2、After Transplantation for first three years the rate of amplitude respectively is1.7367μmolm-2s-1,3.3332μmolm-2s-1, and4.644μmolm-2s-1. Ecological factors-light and effective radiation spruce photosynthetic rate have the most significant. After Transplantation for first three years the rate of daily use water respectively is0.2798μmolm-2s-1,0.0953μmolm-2s-1, and0.9136μmolm-2s-1. After spruce Transplanted3years, the water use efficiency increased significantly and transplantation survived water use efficiency with the relevant of recovery of trees after2years transplantation.
3、After transplantation, Pinus maintain high level of photosynthetic rate in the morning; the first three yeas' data is3.0981μmolm-2s-1,2.273μmolm-2s-1, and4.1364 μmolm-2s-1. Stomata conductance, light and effective radiation significantly affected the photosynthetic rate and transpiration rate. Average water use efficiency of Pinus first three years after transplantation, the average daily water use efficiency respectively3.3506μmmolm-2s-1,3.3203μmmolm-2s-1and2.2976μmmolm-2s-1, much more than others.
4、In summary, the three species, water use efficiency is:Pinus sylvestris> pine> spruce. The higher the water use efficiency, more substances produced by the species consume the same water. In the dry, windy areas, more suitable for low transpiration rate, Pinus sylvestris and Pinus are more suitable as Hohhot urban tree species in transplantation.
Based on the above findings, the analysis of the these trees transplant survival2years after the recovery of trees faster, basically to ensure survival in the first year after transplantation is the key to transplant survival. There fore, this study then divide the three trees, according to plant ornamental and health evaluation criteria, they were used new technology to insurance live processing, and the unit capacitance of the tree, chlorophy11content, natural moisture content of trees, when the growth of branches of germination and growth and transpiration rate, photosynthetic rate process and the water use efficiency of seven aspects of a comparative study. The experimental results are as follows.
1、After the processing technical of Pinus tabulaeformis' transplants and keep alive, compared with the control group the tree capacitance of the new transplants' Group increased by58%or more, the Chlorophyll content of the new transplants' Group increased by24%or more among those class Ⅱ improved fastest, the tree capacitance data is74.85%., and the Chlorophy ll content data is39.46%. Transplantation plant's each grade part of the natural moisture content compared with each other. The result is:Grade Ⅲ treated group> Grade Ⅱ treated group>Grade Ⅲcontrolled group> Grade Ⅰ treated group> Grade Ⅱ controlled group> Grade Ⅰ controlled group. Through processing technical of keeping the tree alive, Natural moisture content of the class Ⅱ and class Ⅰ processing group were higher than their superior control group. Treated when newborn sprig germination rate than comparable control group increased by more than50%, growth increased by more than32%.

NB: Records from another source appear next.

lemma class_add_eq_if_same_block:
  "n \<in> Sgrid \<Longrightarrow> n' \<in> Sgrid \<Longrightarrow> z n = z n' \<Longrightarrow> u \<in> Nb n \<Longrightarrow> c (n + u) = c (n' + u)"
  using refinement unfolding is_refinement_def by blast

lemma class_add_Njd_eq_if_same_block:
  "n \<in> Sgrid \<Longrightarrow> n' \<in> Sgrid \<Longrightarrow> z n = z n' \<Longrightarrow> u \<in> Nb n \<Longrightarrow>
    d \<in> Nb n \<union> (+) u ` Nb (n + u) \<Longrightarrow> c (n + d) = c (n' + d)"
  using coherent unfolding refinement_coherent_def by blast

lemma step_prob_eq_if_same_class:
  assumes "n \<in> Sgrid" "n' \<in> Sgrid" "c n = c n'"
  shows "P n (n + e) = P n' (n' + e)"
proof (cases "e \<in> Nb n")
  case True
  then show ?thesis
    using homogeneous assms unfolding homogeneous_def by blast
next
  case False
  then have "e \<notin> Nb n'"
    using Nb_eq_if_same_class[OF assms] by simp
  then show ?thesis
    using False transition_matrix_eq_0[OF transition_matrix] assms(1,2) by simp
qed

lemma Nb_rep: "n \<in> Sgrid \<Longrightarrow> Nb (rep z (z n)) = Nb n"
  using Nb_eq_if_same_block rep_in_Sgrid z_rep by blast

lemma class_rep_add: "n \<in> Sgrid \<Longrightarrow> u \<in> Nb n \<Longrightarrow> c (rep z (z n) + u) = c (n + u)"
  using class_add_eq_if_same_block rep_in_Sgrid z_rep by metis

lemma Njd_eq:
  assumes n: "n \<in> Sgrid" and u: "u \<in> Nb n"
  shows "Njd z (z n) u = Nb n \<union> (+) u ` Nb (n + u)"
proof -
  have "Nb (rep z (z n) + u) = Nb (n + u)"
  proof (rule Nb_eq_if_same_class)
    show "rep z (z n) + u \<in> Sgrid" "n + u \<in> Sgrid"
      using u Nb_rep[OF n] add_in_Sgrid_if_in_Nb by auto
    show "c (rep z (z n) + u) = c (n + u)"
      using n u by (rule class_rep_add)
  qed
  then show ?thesis
    unfolding Njd_def Nb_rep[OF n] by simp
qed

lemma Nb_rep_add:
  assumes n: "n \<in> Sgrid" and u: "u \<in> Nb n" and d: "d \<in> Njd z (z n) u"
  shows "Nb (rep z (z n) + d) = Nb (n + d)"
proof (rule Nb_eq_if_same_class)
  show "rep z (z n) + d \<in> Sgrid"
    using d by (rule rep_add_Njd_in_Sgrid)
  show "n + d \<in> Sgrid"
    using d add_in_Sgrid_if_in_Nb[of _ n] add_in_Sgrid_if_in_Nb[of _ "n + u"]
    unfolding Njd_eq[OF n u] by (auto simp: add.assoc)
  show "c (rep z (z n) + d) = c (n + d)"
    using class_add_Njd_eq_if_same_block[OF n rep_in_Sgrid[OF n] z_rep[OF n, symmetric] u] d
    unfolding Njd_eq[OF n u] by simp
qed

lemma step_prob_rep:
  assumes n: "n \<in> Sgrid" and u: "u \<in> Nb n"
  shows "P (rep z (z n)) (rep z (z n) + d) = P n (n + d)"
    and "P (rep z (z n) + u) (rep z (z n) + d) = P (n + u) (n + d)"
proof -
  have "c (rep z (z n)) = c n"
    using class_rep_add[OF n zero_in_Nb[OF n]] by simp
  then show "P (rep z (z n)) (rep z (z n) + d) = P n (n + d)"
    by (rule step_prob_eq_if_same_class[OF rep_in_Sgrid[OF n] n])
  have "rep z (z n) + u \<in> Sgrid" "n + u \<in> Sgrid"
    using u Nb_rep[OF n] add_in_Sgrid_if_in_Nb by auto
  moreover have "c (rep z (z n) + u) = c (n + u)"
    using n u by (rule class_rep_add)
  ultimately have "P (rep z (z n) + u) (rep z (z n) + u + (d - u)) = P (n + u) (n + u + (d - u))"
    by (rule step_prob_eq_if_same_class)
  then show "P (rep z (z n) + u) (rep z (z n) + d) = P (n + u) (n + d)"
    by (simp add: algebra_simps)
qed

lemma block_in_blocks: "n \<in> Sgrid \<Longrightarrow> z n \<in> J"
  using refinement unfolding is_refinement_def is_partition_def by blast

lemma phi_of_nonneg:
  assumes feasible: "lp_feasible P z J \<phi>" and n: "n \<in> Sgrid" and u: "u \<in> Nb n" and v: "v \<in> Nb m"
  shows "0 \<le> phi_of z \<phi> n u m v"
proof (cases "m - n \<in> Njd z (z n) u \<and> m + v - n \<in> Njd z (z n) u")
  case True
  then have "v \<in> Nb (rep z (z n) + (m - n))"
    using v Nb_rep_add[OF n u] by simp
  then have "(z n, u, m - n, v) \<in> lp_vars z J"
    using True u block_in_blocks[OF n] Nb_rep[OF n] unfolding lp_vars_def by simp
  then show ?thesis
    using lp_feasible_nonneg[OF feasible] True unfolding phi_of_def by simp
qed (auto simp: phi_of_def)

lemma transition_eq_0_outside_Njd:
  assumes n: "n \<in> Sgrid" and u: "u \<in> Nb n" and outside: "m - n \<notin> Njd z (z n) u"
  shows "P n m = 0" and "P (n + u) m = 0"
proof -
  show "P n m = 0"
    using outside transition_matrix_eq_0[OF transition_matrix n] unfolding Njd_eq[OF n u] by blast
  have "m - (n + u) \<notin> Nb (n + u)"
  proof
    assume "m - (n + u) \<in> Nb (n + u)"
    then have "u + (m - (n + u)) \<in> Njd z (z n) u"
      unfolding Njd_eq[OF n u] by blast
    with outside show False
      by (simp add: algebra_simps)
  qed
  then show "P (n + u) m = 0"
    using transition_matrix_eq_0[OF transition_matrix add_in_Sgrid_if_in_Nb[OF u]] by blast
qed

lemma phi_of_balance:
  assumes feasible: "lp_feasible P z J \<phi>" and n: "n \<in> Sgrid" and u: "u \<in> Nb n"
  shows "(\<Sum>v\<in>Nb m. phi_of z \<phi> n u (m + v) (- v) - phi_of z \<phi> n u m v) = P (n + u) m - P n m"
proof -
  define d where "d = m - n"
  have m: "m = n + d"
    unfolding d_def by simp
  show ?thesis
  proof (cases "d \<in> Njd z (z n) u")
    case True
    have "(\<Sum>v\<in>Nb m. phi_of z \<phi> n u (m + v) (- v) - phi_of z \<phi> n u m v)
        = net_inflow (rep z (z n)) (Njd z (z n) u) (\<phi> (z n) u) d"
      unfolding net_inflow_def Nb_rep_add[OF n u True] m
      by (rule sum.cong) (simp_all add: phi_of_def True add.assoc)
    also have "\<dots> = P (rep z (z n) + u) (rep z (z n) + d) - P (rep z (z n)) (rep z (z n) + d)"
    proof (rule lp_feasible_net_inflow[OF feasible])
      show "(z n, u, d) \<in> lp_constraints z J"
        using True u block_in_blocks[OF n] Nb_rep[OF n] unfolding lp_constraints_def by simp
    qed
    also have "\<dots> = P (n + u) m - P n m"
      unfolding step_prob_rep[OF n u] m ..
    finally show ?thesis .
  next
    case False
    then have "phi_of z \<phi> n u (m + v) (- v) = 0" "phi_of z \<phi> n u m v = 0" for v
      unfolding phi_of_def m by (simp_all add: add.assoc)
    then show ?thesis
      using transition_eq_0_outside_Njd[OF n u] False unfolding d_def by simp
  qed
qed

end

theorem theorem3:
  fixes P :: "int^'m \<Rightarrow> int^'m \<Rightarrow> real"
    and K :: "'k set" and c :: "int^'m \<Rightarrow> 'k"
    and J :: "'j set" and z :: "int^'m \<Rightarrow> 'j"
  assumes "transition_matrix P"
    and "is_partition K c"
    and "homogeneous P c"
    and "is_refinement c J z"
    and "refinement_coherent c z"
  shows "finite (lp_vars z J) \<and> finite (lp_constraints z J) \<and>
         (\<exists>\<phi>. lp_feasible P z J \<phi>) \<and>
         (\<forall>\<phi>. lp_optimal P z J \<phi> \<longrightarrow>
            (\<forall>n\<in>Sgrid. \<forall>m\<in>Sgrid. \<forall>u\<in>Nb n. \<forall>v\<in>Nb m. 0 \<le> phi_of z \<phi> n u m v) \<and>
            (\<forall>n\<in>Sgrid. \<forall>m\<in>Sgrid. \<forall>u\<in>Nb n.
               (\<Sum>v\<in>Nb m. phi_of z \<phi> n u (m + v) (- v) - phi_of z \<phi> n u m v)
               = P (n + u) m - P n m))"
proof -
  interpret refined_walk P K c J z
    by (rule refined_walk.intro[OF assms])
  have "lp_feasible P z J (\<lambda>j. transfer_flow P (rep z j))"
    using rep_in_Sgrid_if_in_blocks by (simp add: lp_feasible_transfer_flow[OF assms(1)])
  moreover have "lp_optimal P z J \<phi> \<Longrightarrow> lp_feasible P z J \<phi>" for \<phi>
    unfolding lp_optimal_def by simp
  ultimately show ?thesis
    by (auto simp: finite_lp_vars[OF finite_blocks] finite_lp_constraints[OF finite_blocks]
        phi_of_nonneg phi_of_balance)
qed

end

After the processing technical of trees transplanted to keep alive the average daily photosynthetic rate of control group grade Ⅲ spruce0.5912μmolm-2s-1treated1.3696μmolm-2s-1, compared with the control group increased by131.67%; dealing with group day average water use efficiency2.9161μmolm-2s-1,the control group for0.8674μmolm-2s-1.
2、After the processing technical of Spruce'transplants and keep alive, compared with the control group the tree capacitance of the new transplants' Group increased by63%or more, the Chlorophy11content of the new transplants' Group increased by25%or more among those class Ⅱ improved fastest, the tree capacitance data is80.24%., and the Chlorophyll content data is32.88%. Transplantation plant's each grade part of the natural moisture content compared with each other. The result is:Grade Ⅲ treated group> Grade Ⅱ treated group> Grade Ⅰ treated group> Grade Ⅲcontrolled group> Grade Ⅱ controlled group> Grade Ⅰ controlled group. Through processing technical of keeping the tree alive, Natural moisture content of the class Ⅱ and class Ⅰ processing group were higher than their superior control group. Treated when newborn sprig germination rate than comparable control group increased by more than53%, growth increased by more than39%.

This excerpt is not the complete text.